Frühwarnindikator für Störungen im Biogasprozess entwickelt

Eine Erhöhung der Prozessstabilität ist wesentlich für den stabilen und effizienten Biogasanlagenbetrieb. Im Zuge des Projekts „ProGas“ entwickelten Forscher ein Frühwarnindikatorsystem zur Überwachung der Prozessstabilität.

Mit dem Verbundvorhaben „ProGas“ unterstützte das deutsche Bundesministerium für Ernährung und Landwirtschaft die Entwicklung eines Frühwarnindikators, mit dem Biogasanlagen stabil, effizient und flexibel betrieben werden können.
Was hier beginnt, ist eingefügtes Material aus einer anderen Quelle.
(* Let $G$ be a finite graph with no isolated vertices. If $G$ has $2N+1$ vertices and is almost Hamiltonian, then there is no nontrivial circuit injection $f:G_M\rightarrow B$ with $B$ a binary matroid. If $G$ has $2N$ vertices and is Hamiltonian, then there is no nontrivial circuit injection $f:G_M\rightarrow B$ with $B$ a binary matroid.
   Context: Graphs are undirected without loops or multiple edges. $G_M$ is the cycle matroid of $G$ (cells: edges; circuits: edge sets of cycles of $G$). A matroid is a pair $(S,\mathscr{C})$, $S\neq\emptyset$, $\mathscr{C}\subseteq 2^S$, satisfying: (I) $A,B\in\mathscr{C}$, $A\subseteq B$ implies $A=B$; (II) $A,B\in\mathscr{C}$, $a\in A\cap B$, $b\in (A\cup B)\setminus(A\cap B)$ implies there exists $D\in\mathscr{C}$ with $D\subseteq A\cup B$, $a\notin D$, $b\in D$. A matroid is binary if the symmetric difference of any two circuits is a union of pairwise disjoint circuits. A circuit injection $f:G_M\rightarrow B$ is a bijection from $E(G)$ onto the cells of $B$ sending each circuit of $G$ to a circuit of $B$; it is nontrivial if $B$ has a circuit not equal to the image of any circuit of $G$. $G$ is Hamiltonian if some circuit contains all its vertices. A graph with $n$ vertices is almost Hamiltonian if every set of $n-1$ of its vertices is contained in the vertex set of some circuit. *)

theory Defs
  imports Main
begin

definition graph :: "'a set \<Rightarrow> 'a set set \<Rightarrow> bool" where
  "graph V E \<longleftrightarrow> finite V \<and> (\<forall>e\<in>E. \<exists>u v. u \<noteq> v \<and> u \<in> V \<and> v \<in> V \<and> e = {u, v})"

definition no_isolated_vertices :: "'a set \<Rightarrow> 'a set set \<Rightarrow> bool" where
  "no_isolated_vertices V E \<longleftrightarrow> (\<forall>v\<in>V. \<exists>e\<in>E. v \<in> e)"

definition cycle_walk :: "'a set set \<Rightarrow> 'a list \<Rightarrow> bool" where
  "cycle_walk E vs \<longleftrightarrow> distinct vs \<and> length vs \<ge> 3 \<and>
     (\<forall>i < length vs. {vs ! i, vs ! ((i + 1) mod length vs)} \<in> E)"

definition cycle_edges :: "'a list \<Rightarrow> 'a set set" where
  "cycle_edges vs = {{vs ! i, vs ! ((i + 1) mod length vs)} | i. i < length vs}"

(* circuits of G = circuits of the cycle matroid G_M: edge sets of cycles of G *)
definition graph_circuits :: "'a set set \<Rightarrow> 'a set set set" where
  "graph_circuits E = {cycle_edges vs | vs. cycle_walk E vs}"

definition circuit_vertices :: "'a set set \<Rightarrow> 'a set" where
  "circuit_vertices C = \<Union>C"

definition hamiltonian :: "'a set \<Rightarrow> 'a set set \<Rightarrow> bool" where
  "hamiltonian V E \<longleftrightarrow> (\<exists>C\<in>graph_circuits E. V \<subseteq> circuit_vertices C)"

definition almost_hamiltonian :: "'a set \<Rightarrow> 'a set set \<Rightarrow> bool" where
  "almost_hamiltonian V E \<longleftrightarrow>
     (\<forall>W. W \<subseteq> V \<and> card W = card V - 1 \<longrightarrow> (\<exists>C\<in>graph_circuits E. W \<subseteq> circuit_vertices C))"

definition matroid :: "'b set \<Rightarrow> 'b set set \<Rightarrow> bool" where
  "matroid S \<C> \<longleftrightarrow> S \<noteq> {} \<and> \<C> \<subseteq> Pow S \<and>
     (\<forall>A\<in>\<C>. \<forall>B\<in>\<C>. A \<subseteq> B \<longrightarrow> A = B) \<and>
     (\<forall>A\<in>\<C>. \<forall>B\<in>\<C>. \<forall>a\<in>A \<inter> B. \<forall>b\<in>(A \<union> B) - (A \<inter> B).
        \<exists>D\<in>\<C>. D \<subseteq> A \<union> B \<and> a \<notin> D \<and> b \<in> D)"

definition binary_matroid :: "'b set \<Rightarrow> 'b set set \<Rightarrow> bool" where
  "binary_matroid S \<C> \<longleftrightarrow> matroid S \<C> \<and>
     (\<forall>A\<in>\<C>. \<forall>B\<in>\<C>. \<exists>F\<subseteq>\<C>. pairwise disjnt F \<and> \<Union>F = (A - B) \<union> (B - A))"

definition circuit_injection :: "'a set set \<Rightarrow> ('a set \<Rightarrow> 'b) \<Rightarrow> 'b set \<Rightarrow> 'b set set \<Rightarrow> bool" where
  "circuit_injection E f S \<C> \<longleftrightarrow> bij_betw f E S \<and> (\<forall>c\<in>graph_circuits E. f ` c \<in> \<C>)"

definition nontrivial_circuit_injection :: "'a set set \<Rightarrow> ('a set \<Rightarrow> 'b) \<Rightarrow> 'b set \<Rightarrow> 'b set set \<Rightarrow> bool" where
  "nontrivial_circuit_injection E f S \<C> \<longleftrightarrow> circuit_injection E f S \<C> \<and>
     (\<exists>D\<in>\<C>. \<forall>c\<in>graph_circuits E. D \<noteq> f ` c)"

end

theory Submission
  imports Defs "HOL-Library.Multiset"
begin

text \<open>
  Let \<open>D\<close> be a circuit of \<open>B\<close> that is not the image of a cycle, and \<open>X = f\<^sup>-\<^sup>1(D)\<close>.
  If every vertex had even \<open>X\<close>-degree, \<open>X\<close> would contain a cycle \<open>c\<close>, and \<open>f c \<subseteq> D\<close>
  would force \<open>f c = D\<close>; so \<open>X\<close> has a vertex of odd degree.
  Take a cycle \<open>H\<close> through all vertices except possibly one vertex \<open>w\<close> of even \<open>X\<close>-degree
  (when \<open>|V|\<close> is odd such a \<open>w\<close> exists by the handshake lemma). Every edge of \<open>X\<close> off \<open>H\<close>
  is a chord of \<open>H\<close> or joins \<open>w\<close> to \<open>H\<close>; adding chord cycles, and cycles through pairs of
  edges at \<open>w\<close>, reduces \<open>X\<close> modulo the cycle space to a set \<open>Y \<subseteq> H\<close> which still has a
  vertex of odd degree, so \<open>{} \<noteq> Y \<noteq> H\<close>. But \<open>f Y\<close> is the symmetric difference of \<open>D\<close>
  with images of cycles, hence in the binary matroid \<open>B\<close> a union of circuits, and a
  circuit inside \<open>f Y \<subset> f H\<close> contradicts the incomparability of circuits.
\<close>

section \<open>Symmetric differences and binary matroids\<close>

definition Sym_Diff :: "'b set multiset \<Rightarrow> 'b set" where
  "Sym_Diff M = {x. odd (size (filter_mset (\<lambda>C. x \<in> C) M))}"

lemma Sym_Diff_empty [simp]: "Sym_Diff {#} = {}"
  by (simp add: Sym_Diff_def)

lemma Sym_Diff_add_mset [simp]: "Sym_Diff (add_mset C M) = sym_diff C (Sym_Diff M)"
  by (auto simp: Sym_Diff_def)

lemma Sym_Diff_union: "Sym_Diff (M + N) = sym_diff (Sym_Diff M) (Sym_Diff N)"
  by (auto simp: Sym_Diff_def)

lemma Sym_Diff_subset_Union: "Sym_Diff M \<subseteq> \<Union>(set_mset M)"
  by (induction M) auto

lemma finite_Sym_Diff: "\<forall>C\<in>#M. finite C \<Longrightarrow> finite (Sym_Diff M)"
  by (induction M) auto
Bei hoher Prozessbelastung fördert der Eintrag von Additiven die Ausbildung von Aggregaten zur Ansiedlung von Mikroorganismen und unterstützt die Etablierung einer besonders leistungsstarken Gemeinschaft aus Biogasbakterien. Die Erhöhung der Organismendichte führt zur Prozessstabilisierung, insbesondere bei schneller Leistungssteigerung im Zuge der bedarfsgerechten Biogaserzeugung.

Forscher entwickelten einen Frühwarnindikator zur Überwachung der Prozessstabilität in Biogasanlagen. Dessen Einsatz dient der Vorhersage von Prozessstörungen und der Ableitung von Handlungsempfehlungen und ermöglicht so die Erhöhung der Prozessstabilität ohne große Investitionen.

Als neuer Frühwarnindikator für NAWARO-Anlagen dient das Verhältnis aus dem Gehalt an organischen Säuren zur elektrischen Leitfähigkeit (FWI A/elCon). Vorteil des neuen Indikators: Er reagiert sensitiver als konventionell genutzte Mess- und Analysewerte. Für Abfallbiogasanlagen wurden ähnliche Frühwarnindikatoren entwickelt, die aufgrund geringerer Gehalte an langkettigen Fettsäuren jedoch weniger für Nawaro-Anlagen geeignet sind.